Q My dwarf hamster just gave birth about a week ago. The mother has died.  What can I do to try to save the pups?

A The truth is that a hamster that small relies on his mother for about everything even body temperature control.  There are two way to handle this.  First and probably the best thing to do is to find a hamster surrogate mother.  If you happen to have another nursing mother, see if you can get her to accept the orphaned pups.  If not, you will have to become the hamsters' mother.  Understand that there is only barely a 20 percent chance of survival for the orphaned pups -- even if you do everything right.

First, the hamsters must be kept warm, at least 80 degrees Fahrenheit (26.66º C). You’ll need to create a warm bedding and some kind of non-drying heat with a way to strictly monitor the temperature. A heating pad or even a light bulb could be used as long as you don’t get them too close to the hamsters. And a cheap cage thermometer should work well for watching the temperature in the event you decide to heat with a bulb.

You’ll need to feed your hamsters milk at regular intervals just like a mother hamster would have to. For milk you can use a kitten or dog formula or evaporated milk mixed with 50% water will work fine. Warm the milk solution to 90 degrees Fahrenheit (32.22º C). For dwarf hamsters that still have not reached 2 weeks you need to feed them 3 drops (.5 ml) of this milk every 30 minutes around the clock. You need to warm the milk to 90 degrees because you want the drops you feed the hamster ideally to be at body temperature by the time he drinks them. To feed the drops to the little guy you can use an eye dropper, needleless syringe, or a nursing wick.

As the dwarf hamsters approach 2 weeks old you want to gradually increase the amount of milk to about 4 to 6 drops. If you are using a syringe at two weeks or when the eyes open you want to be feeding him 1 ml of milk about every hour. In fact, at that point you can go to hourly feedings instead of half hour feedings.

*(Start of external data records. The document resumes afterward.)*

lemma nn_integral_translate_mono:
  fixes f g :: "real \<Rightarrow> ennreal"
  assumes f: "radially_mono f" and [measurable]: "g \<in> borel_measurable borel"
    and g: "\<And>u v. \<bar>u\<bar> \<le> \<bar>v\<bar> \<Longrightarrow> g v \<le> g u"
    and m: "0 \<le> m" "m \<le> m'"
  shows "(\<integral>\<^sup>+x. g (x - m) * f x \<partial>lborel) \<le> (\<integral>\<^sup>+x. g (x - m') * f x \<partial>lborel)"
proof -
  note [measurable] = radially_mono_borel_measurable[OF f]
  have g_even: "g (- u) = g u" for u
    using g[of u "- u"] g[of "- u" u] by simp
  define k where "k = (m + m') / 2"
  have fold: "(\<integral>\<^sup>+x. g (x - n) * f x \<partial>lborel) =
      (\<integral>\<^sup>+x. indicator {k..} x * (g (x - n) * f x)
        + indicator {k<..} x * (g (x - (2 * k - n)) * f (2 * k - x)) \<partial>lborel)" for n
  proof -
    have "g (2 * k - x - n) = g (x - (2 * k - n))" for x
      using g_even[of "x - (2 * k - n)"] by (simp add: algebra_simps)
    then show ?thesis
      using nn_integral_lborel_fold[of "\<lambda>x. g (x - n) * f x" k] by simp
  qed
  have k: "2 * k = m + m'"
    by (simp add: k_def)
  then have reflected_centres: "2 * k - m = m'" "2 * k - m' = m"
    by simp_all
  show ?thesis
    unfolding fold[of m] fold[of m'] reflected_centres
  proof (intro nn_integral_mono)
    fix x
    have g_le: "g (x - m) \<le> g (x - m')" if "k \<le> x"
      using that m k by (intro g) arith
    consider "x < k" | "x = k" | "k < x"
      by linarith
    then show "indicator {k..} x * (g (x - m) * f x) + indicator {k<..} x * (g (x - m') * f (2 * k - x))
      \<le> indicator {k..} x * (g (x - m') * f x) + indicator {k<..} x * (g (x - m) * f (2 * k - x))"
    proof cases
      case 2
      then show ?thesis
        using g_le by (simp add: mult_right_mono)
    next
      case 3
      have "f (2 * k - x) \<le> f x"
        using 3 m k by (intro radially_monoD[OF f]) arith
      with g_le 3 have "g (x - m) * f x + g (x - m') * f (2 * k - x)
          \<le> g (x - m') * f x + g (x - m) * f (2 * k - x)"
        by (intro rearrangement_two) simp_all
      then show ?thesis
        using 3 by simp
    qed simp
  qed
qed

lemma radially_mono_nn_integral_translate:
  fixes f g :: "real \<Rightarrow> ennreal"
  assumes f: "radially_mono f" and g_meas [measurable]: "g \<in> borel_measurable borel"
    and g: "\<And>u v. \<bar>u\<bar> \<le> \<bar>v\<bar> \<Longrightarrow> g v \<le> g u"
  shows "radially_mono (\<lambda>m. \<integral>\<^sup>+x. g (x - m) * f x \<partial>lborel)"
proof -
  note [measurable] = radially_mono_borel_measurable[OF f]
  have g_even: "g (- u) = g u" for u
    using g[of u "- u"] g[of "- u" u] by simp
  have integral_minus: "(\<integral>\<^sup>+x. g (x + m) * f x \<partial>lborel) = (\<integral>\<^sup>+x. g (x - m) * f x \<partial>lborel)"
    for m
  proof -
    have "g (x + m) = g (0 - x - m)" for x
      using g_even[of "x + m"] by simp
    then have "(\<integral>\<^sup>+x. g (x + m) * f x \<partial>lborel) = (\<integral>\<^sup>+x. g (0 - x - m) * f (0 - x) \<partial>lborel)"
      using radially_mono_minus[OF f] by simp
    also have "\<dots> = (\<integral>\<^sup>+x. g (x - m) * f x \<partial>lborel)"
      by (rule nn_integral_lborel_reflect) measurable
    finally show ?thesis .
  qed
  have integral_abs: "(\<integral>\<^sup>+x. g (x - \<bar>m\<bar>) * f x \<partial>lborel) = (\<integral>\<^sup>+x. g (x - m) * f x \<partial>lborel)"
    for m
    by (cases "0 \<le> m") (simp_all add: integral_minus)
  show ?thesis
  proof (rule radially_monoI)
    fix m m' :: real
    assume "\<bar>m\<bar> \<le> \<bar>m'\<bar>"
    then have "(\<integral>\<^sup>+x. g (x - \<bar>m\<bar>) * f x \<partial>lborel) \<le> (\<integral>\<^sup>+x. g (x - \<bar>m'\<bar>) * f x \<partial>lborel)"
      by (intro nn_integral_translate_mono[OF f g_meas g]) simp_all
    then show "(\<integral>\<^sup>+x. g (x - m) * f x \<partial>lborel) \<le> (\<integral>\<^sup>+x. g (x - m') * f x \<partial>lborel)"
      by (simp only: integral_abs)
  qed
qed

lemma radially_mono_cont:
  assumes "\<And>c'. radially_mono (\<lambda>x. V x c')"
  shows "radially_mono (\<lambda>D. cont a \<sigma> p01 p10 V D c)"
  unfolding cont_def
proof (intro radially_mono_sum radially_mono_mult radially_mono_const)
  fix c'
  have "radially_mono (\<lambda>m. \<integral>\<^sup>+x. ennreal (psi \<sigma> (x - m)) * V x c' \<partial>lborel)"
    using assms by (rule radially_mono_nn_integral_translate) (auto intro: ennreal_leI psi_antimono)
  then show "radially_mono (\<lambda>D. \<integral>\<^sup>+x. ennreal (psi \<sigma> (x - a * D)) * V x c' \<partial>lborel)"
    by (rule radially_mono_scale)
qed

It’s also important that the hamsters get hard food as well as milk. See that they have wheat germ or small seed like millet to eat from 5 days old on; they may not rush to eat the hard food yet but they will eat it when you aren’t looking. Little pieces of Broccoli are also a good idea; remember not to let them spoil in the nest. Another thing that a pup will need is access to adult hamster droppings. Without these the hamster will not be able to develop the bacteria it needs to digest cellulose food. Yes, the pups will eat these. Don’t be grossed out; it’s important.

Lastly, touching the pups in a certain way is also important for at least two reasons that we know of. First, it promotes good digestion and second it socializes the hamster. Studies a couple of years ago at the University of Utah showed that a rodent with no touching becomes an overly aggressive adult to both human and rodents of the same species. What you want to do is simulate the way a mother hamster grooms a pup. You’ll need about a 1 inch wide soft bristle paint brush. You will take this brush and roughly stroke down the hamster's belly and back about twice each time. Do this at feeding time.

Be aware that this advice is intended only for dwarf hamsters. Syrians require an adjusted formula volume and feeding schedule.

Syrians up to two weeks old need about 1 ml of milk every 2 hours.     After 2 weeks until weaned they need 2 ml’s 8 times a day and should be eating solid foods readily.  Mostly everything else here applies to both Syrian and dwarf species.

Remember that even if you do these things, a hamster still under 8 days doesn’t have a very high chance of survival. Do the best you can and be prepared for the worst. Good luck!